3. Protect Time and Space for Lactation: Ensure private rooms are close enough so employees can complete their pumping sessions within the allotted break time. Leading systems such as Mayo Clinic have standard “Lactation in the Workplace Checklist for Leaders,” that offers guidance on both logistical needs as well as how to have appropriate conversations with returning employees. UCSF Health has an entire landing page dedicated to highlighting lactation supports and other return-to-work tips for team members In many systems, this information exists but is scattered. Consolidating it into a single location improves access and clarity.
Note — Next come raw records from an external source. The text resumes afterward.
lemma decay_le_decayI:
  assumes "ereal a < decay V f"
    and "\<And>\<tau>. a < \<tau> \<Longrightarrow> 0 < \<tau> \<Longrightarrow> (\<lambda>v. f v powr (1 / \<tau>)) summable_on V
            \<Longrightarrow> (\<lambda>w. h w powr (1 / \<tau>)) summable_on W"
  shows "decay V f \<le> decay W h"
proof (rule dense_le_bounded[OF assms(1)])
  fix x assume "ereal a < x" "x < decay V f"
  then obtain y where "y \<in> insert 0 {ereal \<tau> |\<tau>. 0 < \<tau> \<and> (\<lambda>v. f v powr (1 / \<tau>)) summable_on V}"
    and "x < y"
    unfolding decay_def less_Sup_iff by blast
  then consider "y = 0" | \<tau> where "y = ereal \<tau>" "0 < \<tau>" "(\<lambda>v. f v powr (1 / \<tau>)) summable_on V"
    by blast
  then show "x \<le> decay W h"
  proof cases
    case 1
    then show ?thesis using \<open>x < y\<close> decay_nonneg[of W h] by simp
  next
    case 2
    then have "ereal a < ereal \<tau>" using \<open>ereal a < x\<close> \<open>x < y\<close> by order
    then have "a < \<tau>" by simp
    with 2 have "ereal \<tau> \<le> decay W h" by (intro decay_geI assms(2))
    then show ?thesis using \<open>x < y\<close> 2 by simp
  qed
qed

lemma decay_le_decay_of_le_mult:
  assumes "\<And>w. w \<in> W \<Longrightarrow> 0 \<le> h w" and "\<And>w. w \<in> W \<Longrightarrow> h w \<le> K * f w" and "0 \<le> K"
  shows "decay W f \<le> decay W h"
proof -
  have "(\<lambda>w. h w powr (1 / \<tau>)) summable_on W"
    if "0 < \<tau>" and f_summable: "(\<lambda>w. f w powr (1 / \<tau>)) summable_on W" for \<tau> :: real
  proof (rule summable_on_comparison_test[OF summable_on_cmult_right[OF f_summable]])
    fix w assume w: "w \<in> W"
    have "h w powr (1 / \<tau>) \<le> (K * f w) powr (1 / \<tau>)"
      using assms w \<open>0 < \<tau>\<close> by (intro powr_mono2) auto
    also have "\<dots> = K powr (1 / \<tau>) * f w powr (1 / \<tau>)"
      using assms(1,2)[OF w] \<open>0 \<le> K\<close> by (simp add: powr_mult zero_le_mult_iff)
    finally show "h w powr (1 / \<tau>) \<le> K powr (1 / \<tau>) * f w powr (1 / \<tau>)" .
  qed simp
  then show ?thesis
    unfolding decay_def by (intro Sup_subset_mono insert_mono) auto
qed

lemma decay_le_decay_reindex:
  assumes "inj_on h A" and "h ` A \<subseteq> V"
  shows "decay V f \<le> decay A (f \<circ> h)"
proof -
  have "(\<lambda>v. (f \<circ> h) v powr (1 / \<tau>)) summable_on A"
    if "(\<lambda>v. f v powr (1 / \<tau>)) summable_on V" for \<tau> :: real
    using summable_on_subset[OF that assms(2)]
      summable_on_reindex[OF assms(1), of "\<lambda>v. f v powr (1 / \<tau>)"] by (simp add: o_def)
  then show ?thesis
    unfolding decay_def by (intro Sup_subset_mono insert_mono) auto
qed
lemma card_block_partition_complete_graph_3:
  assumes P: "block_partition (complete_graph 3) (complete_graph n) P"
  shows "9 * (n - 1) \<le> 5 * card P"
proof -
  define ws where "ws = triangle_weights {0, 1 :: nat} {0, 2} {1, 2}"
  have distinct: "distinct [{0, 1 :: nat}, {0, 2}, {1, 2}]"
    by (simp add: doubleton_eq_iff)
  have "finite P" and blocks: "P \<subseteq> blocks (complete_graph 3) (complete_graph n)"
    using P unfolding block_partition_def by auto
  have "9 * (n - 1) = (\<Sum>w\<leftarrow>ws. n - 1)"
    by (simp add: ws_def length_triangle_weights sum_list_triv)
  also have "\<dots> \<le> (\<Sum>w\<leftarrow>ws. card {A\<in>P. (\<Sum>e\<in>fst ` A. w e) \<noteq> 0})"
  proof (rule sum_list_mono)
    fix w assume "w \<in> set ws"
    then have "(\<Sum>e\<in>complete_graph 3. w e) \<noteq> 0"
      unfolding ws_def complete_graph_3 using sum_triangle_weights[OF distinct] by simp
    then show "n - 1 \<le> card {A\<in>P. (\<Sum>e\<in>fst ` A. w e) \<noteq> 0}"
      by (rule card_blocks_nonzero_weight[OF P])
  qed
  also have "\<dots> = (\<Sum>A\<in>P. length (filter (\<lambda>w. (\<Sum>e\<in>fst ` A. w e) \<noteq> 0) ws))"
    by (rule sum_list_card_filter[OF \<open>finite P\<close>])
  also have "\<dots> = (\<Sum>A\<in>P. 5)"
  proof (rule sum.cong[OF refl])
    fix A assume "A \<in> P"
    then have S: "fst ` A \<in> cbs_edge_sets (complete_graph 3)"
      using blocks blocks_fst_snd(2) by blast
    show "length (filter (\<lambda>w. (\<Sum>e\<in>fst ` A. w e) \<noteq> 0) ws) = 5"
      unfolding ws_def
    proof (rule triangle_weights_nonzero_count[OF distinct])
      show "fst ` A \<subseteq> {{0, 1}, {0, 2}, {1, 2}}" "fst ` A \<noteq> {}"
        using cbs_edge_sets_nonempty_subset[OF S] unfolding complete_graph_3 by simp_all
      show "\<not> {{0, 1}, {0, 2}, {1, 2}} \<subseteq> fst ` A"
        by (rule cbs_edge_sets_triangle_free[OF S])
    qed
  qed
  finally show ?thesis
    by simp
qed

theorem mainTheorem6:
  fixes n :: nat
  assumes "n \<ge> 2"
  shows "9 / 5 * (real n - 1) \<le> real (g (complete_graph 3) (complete_graph n))
       \<and> real (g (complete_graph 3) (complete_graph n)) \<le> 2 * (real n - 1)"
proof -
  let ?g = "g (complete_graph 3) (complete_graph n)"
  obtain P0 where P0: "block_partition (complete_graph 3) (complete_graph n) P0" "card P0 = 2 * (n - 1)"
    by (rule block_partition_complete_graph_3_stars)
  then have upper: "?g \<le> 2 * (n - 1)"
    using g_le_card by metis
  obtain P where "block_partition (complete_graph 3) (complete_graph n) P" "card P = ?g"
    using g_attained[OF P0(1)] .
  then have lower: "9 * (n - 1) \<le> 5 * ?g"
    using card_block_partition_complete_graph_3 by metis
  have "real (9 * (n - 1)) \<le> real (5 * ?g)"
    using lower by (rule of_nat_mono)
  moreover have "real ?g \<le> real (2 * (n - 1))"
    using upper by (rule of_nat_mono)
  moreover have "real (n - 1) = real n - 1"
    using assms by simp
  ultimately show ?thesis
    by simp
qed

end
4. Normalize the Culture and Provide Manager Trainings: Say the quiet part out loud: “Leave is expected and supported here.” Train charge nurses and managers to communicate this clearly, distribute workloads fairly, and address peer resentment constructively. This is where coaching, mentorship, and training programs can equip leaders with the tools, language, and confidence to effectively lead through major life transitions such as parental leave. For example, The Washington University School of Medicine partnered with Josie to host a series of leadership trainings as part of their Faculty Development program, sharing practical yet powerful best practices to support new physician parents.
The Bottom Line
When systems make parental leave predictable, coordinated, and compassionate, they don’t just support individual nurses - they strengthen entire teams. A visible plan, aligned operations, flexible re-entry, real lactation support, and an affirming culture are not luxuries; they are retention strategies.
Parental leave isn’t just a policy; it’s a leadership moment. When organizations give nurse leaders the tools and time to support their teams, they protect both people and patient care. At Josie, we believe care for the caregiver should be the new standard. Because when nurses feel supported, everyone thrives.